(Task to complete) From the listing below, extract every line containing "times".

(Information provided)

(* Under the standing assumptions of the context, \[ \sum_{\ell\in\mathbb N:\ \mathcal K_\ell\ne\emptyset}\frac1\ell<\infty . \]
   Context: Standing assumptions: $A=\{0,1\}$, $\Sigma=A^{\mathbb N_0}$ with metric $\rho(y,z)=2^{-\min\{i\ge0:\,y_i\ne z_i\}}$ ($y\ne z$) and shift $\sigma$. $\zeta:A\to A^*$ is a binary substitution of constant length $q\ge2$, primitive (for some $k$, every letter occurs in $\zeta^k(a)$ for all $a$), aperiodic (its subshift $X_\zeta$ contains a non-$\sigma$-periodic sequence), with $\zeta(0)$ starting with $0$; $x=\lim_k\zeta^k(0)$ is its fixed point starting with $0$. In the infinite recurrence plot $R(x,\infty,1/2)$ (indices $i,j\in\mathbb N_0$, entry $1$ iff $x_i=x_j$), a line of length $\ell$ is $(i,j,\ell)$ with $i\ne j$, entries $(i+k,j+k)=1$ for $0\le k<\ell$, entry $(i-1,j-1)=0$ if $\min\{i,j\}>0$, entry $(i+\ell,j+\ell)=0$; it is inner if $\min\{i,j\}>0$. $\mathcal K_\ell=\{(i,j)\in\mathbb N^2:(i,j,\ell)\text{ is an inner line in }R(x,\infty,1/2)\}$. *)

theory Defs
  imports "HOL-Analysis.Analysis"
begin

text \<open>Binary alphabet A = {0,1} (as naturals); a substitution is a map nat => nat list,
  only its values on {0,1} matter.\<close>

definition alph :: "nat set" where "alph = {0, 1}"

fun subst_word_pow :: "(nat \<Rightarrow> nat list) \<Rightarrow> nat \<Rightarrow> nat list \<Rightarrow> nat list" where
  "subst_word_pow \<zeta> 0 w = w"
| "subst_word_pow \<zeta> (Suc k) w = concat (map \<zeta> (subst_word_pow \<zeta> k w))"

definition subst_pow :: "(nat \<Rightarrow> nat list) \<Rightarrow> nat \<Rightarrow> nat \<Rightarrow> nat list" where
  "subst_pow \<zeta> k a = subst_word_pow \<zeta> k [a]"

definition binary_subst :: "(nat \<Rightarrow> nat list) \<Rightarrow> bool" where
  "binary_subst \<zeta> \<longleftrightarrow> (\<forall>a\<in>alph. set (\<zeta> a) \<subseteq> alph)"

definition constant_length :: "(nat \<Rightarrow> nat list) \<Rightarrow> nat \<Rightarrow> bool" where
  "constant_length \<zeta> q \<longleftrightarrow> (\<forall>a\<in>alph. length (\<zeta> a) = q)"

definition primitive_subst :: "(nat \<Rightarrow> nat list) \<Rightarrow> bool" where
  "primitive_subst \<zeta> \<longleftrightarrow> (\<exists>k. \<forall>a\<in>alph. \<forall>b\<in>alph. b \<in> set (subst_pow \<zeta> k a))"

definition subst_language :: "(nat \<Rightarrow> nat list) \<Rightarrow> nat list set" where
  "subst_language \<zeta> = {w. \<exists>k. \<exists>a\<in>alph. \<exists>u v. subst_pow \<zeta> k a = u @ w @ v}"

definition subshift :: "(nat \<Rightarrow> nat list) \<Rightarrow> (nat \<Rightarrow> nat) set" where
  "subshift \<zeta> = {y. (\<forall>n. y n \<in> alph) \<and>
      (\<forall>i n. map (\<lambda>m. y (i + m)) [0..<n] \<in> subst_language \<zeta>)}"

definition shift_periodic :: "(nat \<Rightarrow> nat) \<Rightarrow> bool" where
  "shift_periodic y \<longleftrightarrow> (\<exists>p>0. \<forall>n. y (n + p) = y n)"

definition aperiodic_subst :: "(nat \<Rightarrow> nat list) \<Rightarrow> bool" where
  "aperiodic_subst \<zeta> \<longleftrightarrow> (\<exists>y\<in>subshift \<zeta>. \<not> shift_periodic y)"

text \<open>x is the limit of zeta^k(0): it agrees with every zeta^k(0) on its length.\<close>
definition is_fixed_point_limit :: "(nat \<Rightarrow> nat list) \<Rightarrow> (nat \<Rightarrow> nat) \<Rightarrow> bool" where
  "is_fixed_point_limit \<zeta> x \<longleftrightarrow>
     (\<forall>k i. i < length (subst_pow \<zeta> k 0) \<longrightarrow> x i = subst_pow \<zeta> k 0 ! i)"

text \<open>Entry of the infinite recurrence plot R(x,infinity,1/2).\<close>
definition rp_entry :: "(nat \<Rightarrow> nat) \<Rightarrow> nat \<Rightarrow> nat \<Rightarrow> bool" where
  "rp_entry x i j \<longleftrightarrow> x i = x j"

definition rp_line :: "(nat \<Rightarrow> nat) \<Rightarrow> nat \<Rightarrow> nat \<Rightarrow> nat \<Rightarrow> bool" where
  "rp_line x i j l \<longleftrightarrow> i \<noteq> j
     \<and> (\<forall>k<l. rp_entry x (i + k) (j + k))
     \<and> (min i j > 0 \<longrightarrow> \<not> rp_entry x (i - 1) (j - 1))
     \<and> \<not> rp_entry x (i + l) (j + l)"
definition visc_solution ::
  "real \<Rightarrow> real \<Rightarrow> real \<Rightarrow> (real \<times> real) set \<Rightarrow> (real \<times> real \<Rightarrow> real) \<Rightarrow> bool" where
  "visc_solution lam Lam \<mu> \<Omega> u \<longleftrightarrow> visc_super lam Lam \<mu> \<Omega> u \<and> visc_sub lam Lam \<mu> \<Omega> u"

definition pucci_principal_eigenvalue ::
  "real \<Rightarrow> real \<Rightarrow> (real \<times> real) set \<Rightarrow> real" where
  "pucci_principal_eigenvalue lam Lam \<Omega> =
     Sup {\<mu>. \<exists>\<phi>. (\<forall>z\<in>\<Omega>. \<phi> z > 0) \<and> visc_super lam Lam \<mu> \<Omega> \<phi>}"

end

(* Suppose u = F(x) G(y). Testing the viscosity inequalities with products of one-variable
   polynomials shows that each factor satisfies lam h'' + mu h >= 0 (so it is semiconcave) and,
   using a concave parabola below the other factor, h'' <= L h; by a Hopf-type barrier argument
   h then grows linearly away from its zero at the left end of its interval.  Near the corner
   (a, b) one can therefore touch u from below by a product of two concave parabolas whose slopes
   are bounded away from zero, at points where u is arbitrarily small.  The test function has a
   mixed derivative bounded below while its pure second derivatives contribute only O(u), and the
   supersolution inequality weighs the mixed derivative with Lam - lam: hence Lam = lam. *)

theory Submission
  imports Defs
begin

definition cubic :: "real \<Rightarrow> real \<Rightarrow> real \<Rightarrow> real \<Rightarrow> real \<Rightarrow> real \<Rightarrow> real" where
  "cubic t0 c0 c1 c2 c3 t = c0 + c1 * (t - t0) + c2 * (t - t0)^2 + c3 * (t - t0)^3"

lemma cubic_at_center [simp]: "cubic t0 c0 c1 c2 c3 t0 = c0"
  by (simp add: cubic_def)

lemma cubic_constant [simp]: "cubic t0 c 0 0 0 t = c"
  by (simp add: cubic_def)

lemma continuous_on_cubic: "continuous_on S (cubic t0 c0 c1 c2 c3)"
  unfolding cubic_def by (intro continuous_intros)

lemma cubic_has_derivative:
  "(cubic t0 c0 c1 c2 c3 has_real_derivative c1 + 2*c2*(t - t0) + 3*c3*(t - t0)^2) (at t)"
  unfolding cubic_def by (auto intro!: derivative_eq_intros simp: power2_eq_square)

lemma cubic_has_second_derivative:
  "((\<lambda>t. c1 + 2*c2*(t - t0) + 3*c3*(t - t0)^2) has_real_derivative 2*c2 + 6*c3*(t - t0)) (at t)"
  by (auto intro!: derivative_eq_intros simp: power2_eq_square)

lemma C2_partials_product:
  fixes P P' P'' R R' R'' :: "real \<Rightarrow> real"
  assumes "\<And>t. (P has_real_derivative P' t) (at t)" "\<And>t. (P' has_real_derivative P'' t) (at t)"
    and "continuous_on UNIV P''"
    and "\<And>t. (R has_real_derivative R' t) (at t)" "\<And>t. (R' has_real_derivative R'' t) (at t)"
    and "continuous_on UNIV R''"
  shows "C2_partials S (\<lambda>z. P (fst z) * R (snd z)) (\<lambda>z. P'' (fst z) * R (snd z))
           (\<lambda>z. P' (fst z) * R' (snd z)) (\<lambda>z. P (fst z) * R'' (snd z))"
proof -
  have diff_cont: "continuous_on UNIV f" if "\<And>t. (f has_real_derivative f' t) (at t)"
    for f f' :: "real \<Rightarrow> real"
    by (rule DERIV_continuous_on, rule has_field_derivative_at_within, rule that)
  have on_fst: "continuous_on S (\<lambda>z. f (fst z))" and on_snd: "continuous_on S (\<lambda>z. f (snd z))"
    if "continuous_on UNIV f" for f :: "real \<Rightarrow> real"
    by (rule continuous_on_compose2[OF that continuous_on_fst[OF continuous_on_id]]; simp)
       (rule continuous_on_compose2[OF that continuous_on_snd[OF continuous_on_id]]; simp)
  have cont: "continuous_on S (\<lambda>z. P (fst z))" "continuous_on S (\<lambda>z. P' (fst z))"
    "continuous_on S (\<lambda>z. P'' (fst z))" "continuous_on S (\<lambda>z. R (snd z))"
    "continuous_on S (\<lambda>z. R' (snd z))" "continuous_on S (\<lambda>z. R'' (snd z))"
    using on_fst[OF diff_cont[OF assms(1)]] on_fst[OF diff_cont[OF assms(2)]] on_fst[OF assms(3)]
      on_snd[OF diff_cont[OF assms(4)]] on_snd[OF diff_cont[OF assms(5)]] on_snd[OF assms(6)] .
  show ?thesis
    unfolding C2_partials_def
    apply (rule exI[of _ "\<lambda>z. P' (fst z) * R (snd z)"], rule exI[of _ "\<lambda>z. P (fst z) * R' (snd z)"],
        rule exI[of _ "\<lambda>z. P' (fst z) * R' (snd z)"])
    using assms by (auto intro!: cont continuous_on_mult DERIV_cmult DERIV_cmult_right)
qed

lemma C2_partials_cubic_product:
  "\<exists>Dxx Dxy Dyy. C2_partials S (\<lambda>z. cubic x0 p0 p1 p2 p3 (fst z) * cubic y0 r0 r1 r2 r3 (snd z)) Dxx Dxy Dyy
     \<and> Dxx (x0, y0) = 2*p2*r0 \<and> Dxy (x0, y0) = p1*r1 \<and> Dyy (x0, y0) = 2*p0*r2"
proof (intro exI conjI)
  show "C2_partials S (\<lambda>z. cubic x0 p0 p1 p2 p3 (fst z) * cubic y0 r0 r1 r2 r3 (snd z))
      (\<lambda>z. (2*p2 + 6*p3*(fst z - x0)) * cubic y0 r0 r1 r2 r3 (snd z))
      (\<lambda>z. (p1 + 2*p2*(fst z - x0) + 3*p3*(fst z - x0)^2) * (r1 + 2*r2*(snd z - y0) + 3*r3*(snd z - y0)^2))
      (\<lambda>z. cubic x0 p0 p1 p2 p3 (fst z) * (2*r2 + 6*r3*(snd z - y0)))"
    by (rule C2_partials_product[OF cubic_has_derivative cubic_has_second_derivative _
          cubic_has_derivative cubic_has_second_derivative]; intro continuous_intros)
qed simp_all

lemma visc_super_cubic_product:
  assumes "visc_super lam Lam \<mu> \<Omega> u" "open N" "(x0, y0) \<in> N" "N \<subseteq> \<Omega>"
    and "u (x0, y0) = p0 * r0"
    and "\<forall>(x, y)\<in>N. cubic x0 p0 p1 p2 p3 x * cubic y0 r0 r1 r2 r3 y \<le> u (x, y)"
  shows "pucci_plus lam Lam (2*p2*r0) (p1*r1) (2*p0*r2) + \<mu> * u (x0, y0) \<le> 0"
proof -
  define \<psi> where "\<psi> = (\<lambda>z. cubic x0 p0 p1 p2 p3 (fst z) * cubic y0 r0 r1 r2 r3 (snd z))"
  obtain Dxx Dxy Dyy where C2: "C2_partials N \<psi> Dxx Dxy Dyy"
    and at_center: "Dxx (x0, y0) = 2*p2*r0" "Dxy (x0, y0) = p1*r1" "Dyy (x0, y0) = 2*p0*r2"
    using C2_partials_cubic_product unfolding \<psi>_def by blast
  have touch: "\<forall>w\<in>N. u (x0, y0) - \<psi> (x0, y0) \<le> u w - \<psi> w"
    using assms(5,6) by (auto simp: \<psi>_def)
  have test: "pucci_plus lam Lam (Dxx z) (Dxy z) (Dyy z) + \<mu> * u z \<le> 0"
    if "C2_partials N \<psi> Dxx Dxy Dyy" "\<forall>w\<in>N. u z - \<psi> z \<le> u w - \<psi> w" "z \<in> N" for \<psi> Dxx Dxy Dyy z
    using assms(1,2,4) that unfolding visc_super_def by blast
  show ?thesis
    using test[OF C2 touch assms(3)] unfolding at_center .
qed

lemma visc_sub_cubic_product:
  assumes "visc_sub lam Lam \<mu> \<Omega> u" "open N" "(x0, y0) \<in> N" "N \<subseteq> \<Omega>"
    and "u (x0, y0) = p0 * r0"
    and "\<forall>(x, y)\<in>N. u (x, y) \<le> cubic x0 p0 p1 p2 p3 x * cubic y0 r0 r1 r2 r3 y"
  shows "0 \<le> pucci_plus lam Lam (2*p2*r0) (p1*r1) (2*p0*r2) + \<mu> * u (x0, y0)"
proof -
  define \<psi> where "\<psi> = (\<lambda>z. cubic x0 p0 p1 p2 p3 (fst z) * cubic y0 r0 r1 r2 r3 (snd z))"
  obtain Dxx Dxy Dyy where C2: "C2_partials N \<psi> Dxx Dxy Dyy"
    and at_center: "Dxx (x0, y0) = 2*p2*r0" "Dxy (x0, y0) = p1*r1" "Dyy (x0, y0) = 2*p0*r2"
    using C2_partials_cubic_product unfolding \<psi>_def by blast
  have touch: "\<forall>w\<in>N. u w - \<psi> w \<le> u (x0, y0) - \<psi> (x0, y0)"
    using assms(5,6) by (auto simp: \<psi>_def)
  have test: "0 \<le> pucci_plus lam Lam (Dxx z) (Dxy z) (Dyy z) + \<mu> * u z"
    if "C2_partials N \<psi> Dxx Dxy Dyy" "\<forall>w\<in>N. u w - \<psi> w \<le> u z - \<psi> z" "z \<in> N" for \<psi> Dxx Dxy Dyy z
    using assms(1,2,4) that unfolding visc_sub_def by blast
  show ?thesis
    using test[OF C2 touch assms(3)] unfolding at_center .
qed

(Answer box)
  "real \<Rightarrow> real \<Rightarrow> real \<Rightarrow> (real \<times> real) set \<Rightarrow> (real \<times> real \<Rightarrow> real) \<Rightarrow> bool" where
  "real \<Rightarrow> real \<Rightarrow> (real \<times> real) set \<Rightarrow> real" where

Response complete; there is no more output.